Schwangerschaft und Stillzeit
Clonazepam überwindet die Plazenta-Schranke und geht in geringen Mengen in die Muttermilch über. Negative Auswirkungen auf das ungeborene bzw. neugeborene Kind können daher nicht ausgeschlossen werden. Andererseits kann eine Schwangerschaft Epilepsie verstärken. Eine Anwendung von Clonazepam sollte daher nur auf zwingend notwendige Fälle und in geringstmöglicher Dosierung beschränkt bleiben.
Häufige Fragen zu Clonazepam
- Was sind die Nebenwirkungen von Clonazepam?
- Clonazepam – wann einnehmen?
- Für was ist Clonazepam gut?
- Wann darf man Clonazepam nicht einnehmen?
Aufgrund seiner sedierenden Wirkung tritt nach der Einnahme häufig Müdigkeit oder Schläfrigkeit auf. Bei höheren Dosen und bei Behandlungsbeginn kann es zu Benommenheit und Schwindel kommen. Damit einhergehen manchmal Konzentrations- oder Koordinationsstörungen sowie verlängerte Reaktionszeiten.

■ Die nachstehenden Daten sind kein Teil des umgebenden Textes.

definition sq_monom :: "nat set \<Rightarrow> (nat \<Rightarrow>\<^sub>0 nat) \<Rightarrow> mpoly" where
  "sq_monom S a = (\<Prod>s\<in>S. Var s ^ (2 * Poly_Mapping.lookup a s))"

lemma h2_eq_sum_sq_monom: "h2 r S = sum (sq_monom S) (sq_exponents r S)"
  unfolding h2_def sq_exponents_def sq_monom_def ..

lemma finite_sq_exponents:
  assumes "finite S"
  shows "finite (sq_exponents r S)"
proof -
  have "Poly_Mapping.lookup a x \<le> r" if "a \<in> sq_exponents r S" "x \<in> S" for a x
    using that member_le_sum[OF that(2) _ assms, of "Poly_Mapping.lookup a"]
    by (simp add: sq_exponents_def)
  moreover have "Poly_Mapping.lookup a x = 0" if "a \<in> sq_exponents r S" "x \<notin> S" for a x
    using that by (auto simp: sq_exponents_def in_keys_iff)
  ultimately have "Poly_Mapping.lookup ` sq_exponents r S \<subseteq>
        {f. \<forall>x. (x \<in> S \<longrightarrow> f x \<in> {0..r}) \<and> (x \<notin> S \<longrightarrow> f x = 0)}"
    by auto
  then have "finite (Poly_Mapping.lookup ` sq_exponents r S)"
    by (rule finite_subset) (rule finite_set_of_finite_funs, simp_all add: assms)
  then show ?thesis
    by (rule finite_imageD) (simp add: inj_on_def poly_mapping_eqI)
qed

lemma h2_empty: "h2 r {} = (if r = 0 then 1 else 0)"
  by (auto simp: h2_eq_sum_sq_monom sq_exponents_def sq_monom_def)
lemma dyadic_step_odd_child:
  assumes "dyadic_step k f" "j < 2^k"
  shows "f (real (2*j + 1) / 2^Suc k) = f (real (2*j) / 2^Suc k)"
proof -
  have "real (2*j + 1) / 2^Suc k \<in> dyadic_interval k j"
    using dyadic_interval_Suc_subset[of k "2*j + 1"]
      left_endpoint_in_dyadic_interval[of "2*j + 1" "Suc k"] by auto
  moreover have "real (2*j) / 2^Suc k = real j / 2^k" by simp
  ultimately show ?thesis using assms unfolding dyadic_step_def by simp
qed

section \<open>Integrals of dyadic step functions\<close>

lemma has_integral_dyadic_interval:
  fixes f :: "real \<Rightarrow> 'a::banach"
  assumes "dyadic_step k f" "i < 2^k"
  shows "(f has_integral (1/2^k) *\<^sub>R f (real i / 2^k)) (dyadic_interval k i)"
proof -
  have "(f has_integral (real (Suc i) / 2^k - real i / 2^k) *\<^sub>R f (real i / 2^k)) (dyadic_interval k i)"
    unfolding dyadic_interval_def
  proof (rule has_integral_const_atLeastLessThan)
    show "real i / 2^k \<le> real (Suc i) / 2^k"
      by (simp add: divide_right_mono)
    show "\<And>t. t \<in> {real i / 2^k..<real (Suc i) / 2^k} \<Longrightarrow> f t = f (real i / 2^k)"
      using assms unfolding dyadic_step_def dyadic_interval_def by blast
  qed
  moreover have "real (Suc i) / 2^k - real i / 2^k = 1/2^k"
    by (simp add: field_simps)
  ultimately show ?thesis by simp
qed

lemma UN_dyadic_interval: "(\<Union>i<2^k. dyadic_interval k i) = {0..<1}"
proof
  show "(\<Union>i<2^k. dyadic_interval k i) \<subseteq> {0..<1}"
    using dyadic_interval_subset by auto
  show "{0..<1} \<subseteq> (\<Union>i<2^k. dyadic_interval k i)"
  proof
    fix t :: real assume t: "t \<in> {0..<1}"
    define i where "i = nat \<lfloor>t * 2^k\<rfloor>"
    have "real i = of_int \<lfloor>t * 2^k\<rfloor>"
      using t unfolding i_def by simp
    then have "real i \<le> t * 2^k" "t * 2^k < real i + 1"
      by simp_all
    then have "t \<in> dyadic_interval k i"
      unfolding dyadic_interval_def by (simp add: field_simps)
    moreover have "real i < 2^k"
    proof -
      have "t * 2^k < 2^k" using t by simp
      then show ?thesis using \<open>real i \<le> t * 2^k\<close> by linarith
    qed
    ultimately show "t \<in> (\<Union>i<2^k. dyadic_interval k i)"
      by (metis UN_iff lessThan_iff of_nat_less_numeral_power_cancel_iff)
  qed
qed

lemma has_integral_dyadic_step:
  fixes h :: "real \<Rightarrow> 'a::banach"
  assumes "dyadic_step k h"
  shows "(h has_integral (\<Sum>i<2^k. (1/2^k) *\<^sub>R h (real i / 2^k))) {0..<1}"
proof -
  have "(h has_integral (\<Sum>i<2^k. (1/2^k) *\<^sub>R h (real i / 2^k))) (\<Union>i<2^k. dyadic_interval k i)"
    by (rule has_integral_UN)
      (auto simp: pairwise_def has_integral_dyadic_interval[OF assms] dyadic_interval_disjoint)
  then show ?thesis unfolding UN_dyadic_interval .
qed

lemma has_integral_dyadic_step_halves:
  fixes f :: "real \<Rightarrow> 'a::banach"
  assumes "dyadic_step (Suc k) f" "j < 2^k"
  shows "(f has_integral (1/2^Suc k) *\<^sub>R (f (real (2*j) / 2^Suc k) + f (real (2*j + 1) / 2^Suc k)))
           (dyadic_interval k j)"
  unfolding dyadic_interval_Suc_union[of k j, symmetric] scaleR_add_right
proof (rule has_integral_Un)
  show "(f has_integral (1/2^Suc k) *\<^sub>R f (real (2*j) / 2^Suc k)) (dyadic_interval (Suc k) (2*j))"
    using assms(2) by (intro has_integral_dyadic_interval[OF assms(1)]) simp
  show "(f has_integral (1/2^Suc k) *\<^sub>R f (real (2*j + 1) / 2^Suc k))
      (dyadic_interval (Suc k) (2*j + 1))"
    using assms(2) by (intro has_integral_dyadic_interval[OF assms(1)]) simp
  show "negligible (dyadic_interval (Suc k) (2*j) \<inter> dyadic_interval (Suc k) (2*j + 1))"
    using dyadic_interval_disjoint[of "2*j" "2*j + 1" "Suc k"] by simp
qed

lemma sum_lessThan_double: "(\<Sum>i<2*(N::nat). g i) = (\<Sum>j<N. g (2*j) + g (2*j + 1))"
  by (induction N) (simp_all add: add.assoc)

Clonazepam wird drei bis viermal am Tag (Erhaltungsdosis) eingenommen. Die Einnahme kann unabhängig von den Mahlzeiten erfolgen. Es sollten möglichst gleichbleibende Einnahmezeiten eingehalten werden.
Clonazepam wird in erster Linie zur Epilepsie-Behandlung eingesetzt – oft als Zusatztherapie oder wenn andere Antiepileptika ausscheiden. “Off label” wird das Medikament auch bei Angststörungen, bestimmten Schlafstörungen und Bewegungsstörungen angewandt. Für psychiatrische Indikationen besteht in Deutschland keine Zulassung.
Bei bekannter Alkohol-, Drogen- oder Medikamentenabhängigkeit, bei schwerer Leber- oder Lungeninsuffizienz sowie bei Unverträglichkeit. Bei Schwangerschaft und in der Stillzeit sollte das Medikament nur ausnahmsweise verordnet werden.